***** Record excerpts *****
lemma hmult_in_J_mult:
  assumes z: "z \<in> dWHA2" and mult: "\<And>p p'. z (p, p') \<noteq> 0 \<Longrightarrow> has_mult p \<or> has_mult p'"
  shows "hmult z \<in> J_mult"
proof -
  have "is_basis q \<and> has_mult q" if q: "hmult z q \<noteq> 0" for q
  proof -
    obtain p p' where "z (p, p') \<noteq> 0" "is_basis q" "has_mult q \<longleftrightarrow> has_mult p \<or> has_mult p'"
      by (rule hmult_nonzero[OF z q])
    then show ?thesis using mult[of p p'] by simp
  qed
  then show ?thesis
    using finite_hmult_support[OF z] unfolding J_mult_def dWHA_def by blast
qed

lemma hmult_J_tens_A: "z \<in> J_tens_A \<Longrightarrow> hmult z \<in> J_mult"
  by (rule hmult_in_J_mult) (auto simp: J_tens_A_def)

lemma hmult_A_tens_J: "z \<in> A_tens_J \<Longrightarrow> hmult z \<in> J_mult"
  by (rule hmult_in_J_mult) (auto simp: A_tens_J_def)

lemma dWHA2_split_J:
  assumes z: "z \<in> dWHA2" and mult: "\<And>p p'. z (p, p') \<noteq> 0 \<Longrightarrow> has_mult p \<or> has_mult p'"
  shows "z \<in> {(\<lambda>r. a r + b r) | a b. a \<in> J_tens_A \<and> b \<in> A_tens_J}"
proof -
  define a where "a = (\<lambda>r. if has_mult (fst r) then z r else 0)"
  define b where "b = (\<lambda>r. if has_mult (fst r) then 0 else z r)"
  have finite_z: "finite {r. z r \<noteq> 0}" using z by (simp add: dWHA2_def)
  have "{r. a r \<noteq> 0} \<subseteq> {r. z r \<noteq> 0}" "{r. b r \<noteq> 0} \<subseteq> {r. z r \<noteq> 0}"
    by (auto simp: a_def b_def)
  then have "finite {r. a r \<noteq> 0}" "finite {r. b r \<noteq> 0}"
    using finite_z by (auto intro: finite_subset)
  moreover have "z (p, p') \<noteq> 0 \<and> has_mult p" if "a (p, p') \<noteq> 0" for p p'
    using that by (simp add: a_def split: if_splits)
  moreover have "z (p, p') \<noteq> 0 \<and> has_mult p'" if "b (p, p') \<noteq> 0" for p p'
    using that mult[of p p'] by (simp add: b_def split: if_splits)
  ultimately have "a \<in> J_tens_A" "b \<in> A_tens_J"
    using z unfolding J_tens_A_def A_tens_J_def dWHA2_def by blast+
  moreover have "z = (\<lambda>r. a r + b r)" by (auto simp: a_def b_def)
  ultimately show ?thesis by blast
qed

lemma hcomult_J_mult:
  assumes xJ: "x \<in> J_mult"
  shows "hcomult x \<in> {(\<lambda>r. a r + b r) | a b. a \<in> J_tens_A \<and> b \<in> A_tens_J}"
proof (rule dWHA2_split_J)
  have x: "x \<in> dWHA" using xJ by (simp add: J_mult_def)
  have support: "is_basis q\<^sub>1 \<and> is_basis q\<^sub>2 \<and> (has_mult q\<^sub>1 \<or> has_mult q\<^sub>2)"
    if q: "hcomult x (q\<^sub>1, q\<^sub>2) \<noteq> 0" for q\<^sub>1 q\<^sub>2
  proof -
    obtain p where "x p \<noteq> 0" "is_basis q\<^sub>1" "is_basis q\<^sub>2" "has_mult p \<longleftrightarrow> has_mult q\<^sub>1 \<or> has_mult q\<^sub>2"
      by (rule hcomult_nonzero[OF x q])
    moreover have "has_mult p" using xJ \<open>x p \<noteq> 0\<close> unfolding J_mult_def by blast
    ultimately show ?thesis by simp
  qed
  then show "hcomult x \<in> dWHA2"
    using finite_hcomult_support[OF x] unfolding dWHA2_def by blast
  show "has_mult q\<^sub>1 \<or> has_mult q\<^sub>2" if "hcomult x (q\<^sub>1, q\<^sub>2) \<noteq> 0" for q\<^sub>1 q\<^sub>2
    using support that by blast
qed

lemma tens_map_psi:
  assumes "finite {r. z r \<noteq> 0}"
  shows "tens_map psi psi z = (\<lambda>r. if has_mult (fst r) \<or> has_mult (snd r) then 0 else z r)"
proof
  fix r
  have "z r' * (case r' of (p, q) \<Rightarrow> tens (psi (delta p)) (psi (delta q))) r =
      (if r' = r then (if has_mult (fst r) \<or> has_mult (snd r) then 0 else z r) else 0)" for r'
    by (cases r'; cases r) (auto simp: tens_def psi_def delta_def)
  then show "tens_map psi psi z r = (if has_mult (fst r) \<or> has_mult (snd r) then 0 else z r)"
    unfolding tens_map_def lin_def using assms by simp
qed

lemma psi_hmult:
  assumes z: "z \<in> dWHA2"
  shows "psi (hmult z) = hmult (tens_map psi psi z)"
proof
  fix q
  let ?F = "\<lambda>(p, p'). mult_basis p p'"
  have finite_z: "finite {r. z r \<noteq> 0}" using z by (simp add: dWHA2_def)
  have compatible: "has_mult q \<longleftrightarrow> has_mult (fst r) \<or> has_mult (snd r)"
    if "z r \<noteq> 0" "?F r q \<noteq> 0" for r
  proof -
    obtain p p' where r: "r = (p, p')" by (rule prod.exhaust)
    have "is_basis p" "is_basis p'" using z that(1) unfolding r dWHA2_def by blast+
    from mult_basis_nonzero[OF this] that(2) show ?thesis unfolding r by simp
  qed
  have "psi (hmult z) q = (if has_mult q then 0 else lin ?F z q)"
    by (simp add: psi_def hmult_def)
  also have "\<dots> = lin ?F (\<lambda>r. if has_mult (fst r) \<or> has_mult (snd r) then 0 else z r) q"
    by (rule lin_mask[OF finite_z compatible, symmetric])
  also have "\<dots> = hmult (tens_map psi psi z) q"
    by (simp add: tens_map_psi[OF finite_z] hmult_def)
  finally show "psi (hmult z) q = hmult (tens_map psi psi z) q" .
qed

lemma hcomult_psi:
  assumes x: "x \<in> dWHA"
  shows "hcomult (psi x) = tens_map psi psi (hcomult x)"
proof
  fix r :: "subst \<times> subst"
  have finite_x: "finite {p. x p \<noteq> 0}" using x by (simp add: dWHA_def)
  have compatible: "has_mult (fst r) \<or> has_mult (snd r) \<longleftrightarrow> has_mult p"
    if "x p \<noteq> 0" "comult_basis p r \<noteq> 0" for p
  proof -
    have "valid_subst p" using x that(1) unfolding dWHA_def is_basis_def by blast
    then show ?thesis using comult_basis_nonzero[of p "fst r" "snd r"] that(2) by simp
  qed
  have "hcomult (psi x) r = lin comult_basis (\<lambda>p. if has_mult p then 0 else x p) r"
    by (simp add: psi_def hcomult_def)
  also have "\<dots> = (if has_mult (fst r) \<or> has_mult (snd r) then 0 else hcomult x r)"
    unfolding hcomult_def
    by (rule lin_mask[OF finite_x compatible])
  also have "\<dots> = tens_map psi psi (hcomult x) r"
    by (simp add: tens_map_psi[OF finite_hcomult_support[OF x]])
  finally show "hcomult (psi x) r = tens_map psi psi (hcomult x) r" .
qed

lemma psi_image_dWHA: "psi ` dWHA \<subseteq> phi_MPR"
proof
  fix y assume "y \<in> psi ` dWHA"
  then obtain x where x: "x \<in> dWHA" and y: "y = psi x" by blast
  have "{p. psi x p \<noteq> 0} \<subseteq> {p. x p \<noteq> 0}" by (auto simp: psi_def)
  then have "finite {p. psi x p \<noteq> 0}"
    using x unfolding dWHA_def by (blast intro: finite_subset)
  moreover have "is_basis p \<and> \<not> has_mult p" if "psi x p \<noteq> 0" for p
  proof -
    have "x p \<noteq> 0" "\<not> has_mult p" using that by (simp_all add: psi_def split: if_splits)
    with x show ?thesis unfolding dWHA_def by blast
  qed
  ultimately show "y \<in> phi_MPR"
    unfolding y phi_MPR_def dWHA_def by blast
qed

lemma psi_phi_MPR:
  assumes "x \<in> phi_MPR"
  shows "psi x = x"
proof
  fix p
  have "x p \<noteq> 0 \<Longrightarrow> \<not> has_mult p" using assms unfolding phi_MPR_def by blast
  then show "psi x p = x p" unfolding psi_def by (cases "x p = 0") auto
qed

theorem mainTheorem8:
  shows "(\<forall>z \<in> J_tens_A. hmult z \<in> J_mult)
       \<and> (\<forall>z \<in> A_tens_J. hmult z \<in> J_mult)
       \<and> (\<forall>x \<in> J_mult. hcomult x \<in> {(\<lambda>q. a q + b q) | a b. a \<in> J_tens_A \<and> b \<in> A_tens_J})
       \<and> (\<forall>x \<in> J_mult. hcounit x = 0)
       \<and> (\<forall>z \<in> dWHA2. psi (hmult z) = hmult (tens_map psi psi z))
       \<and> psi hunit = hunit
       \<and> (\<forall>x \<in> dWHA. hcomult (psi x) = tens_map psi psi (hcomult x))
       \<and> (\<forall>x \<in> dWHA. hcounit (psi x) = hcounit x)
       \<and> psi ` dWHA \<subseteq> phi_MPR
       \<and> (\<forall>x \<in> phi_MPR. psi x = x)"
proof (intro conjI ballI)
  have empty_no_mult: "\<not> has_mult ([], [])" by (simp add: has_mult_def)
  show "hcounit x = 0" if "x \<in> J_mult" for x
    using that empty_no_mult unfolding J_mult_def hcounit_def by blast
  show "psi hunit = hunit" "hcounit (psi x) = hcounit x" for x
    using empty_no_mult by (auto simp: psi_def hunit_def delta_def hcounit_def)
qed (fact hmult_J_tens_A hmult_A_tens_J hcomult_J_mult psi_hmult hcomult_psi
       psi_image_dWHA psi_phi_MPR)+

end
*****
* _Exercise requirements_: If a line of the data includes the word "define", it counts; give how many lines do, as a bare number.

* _Solution below_: 2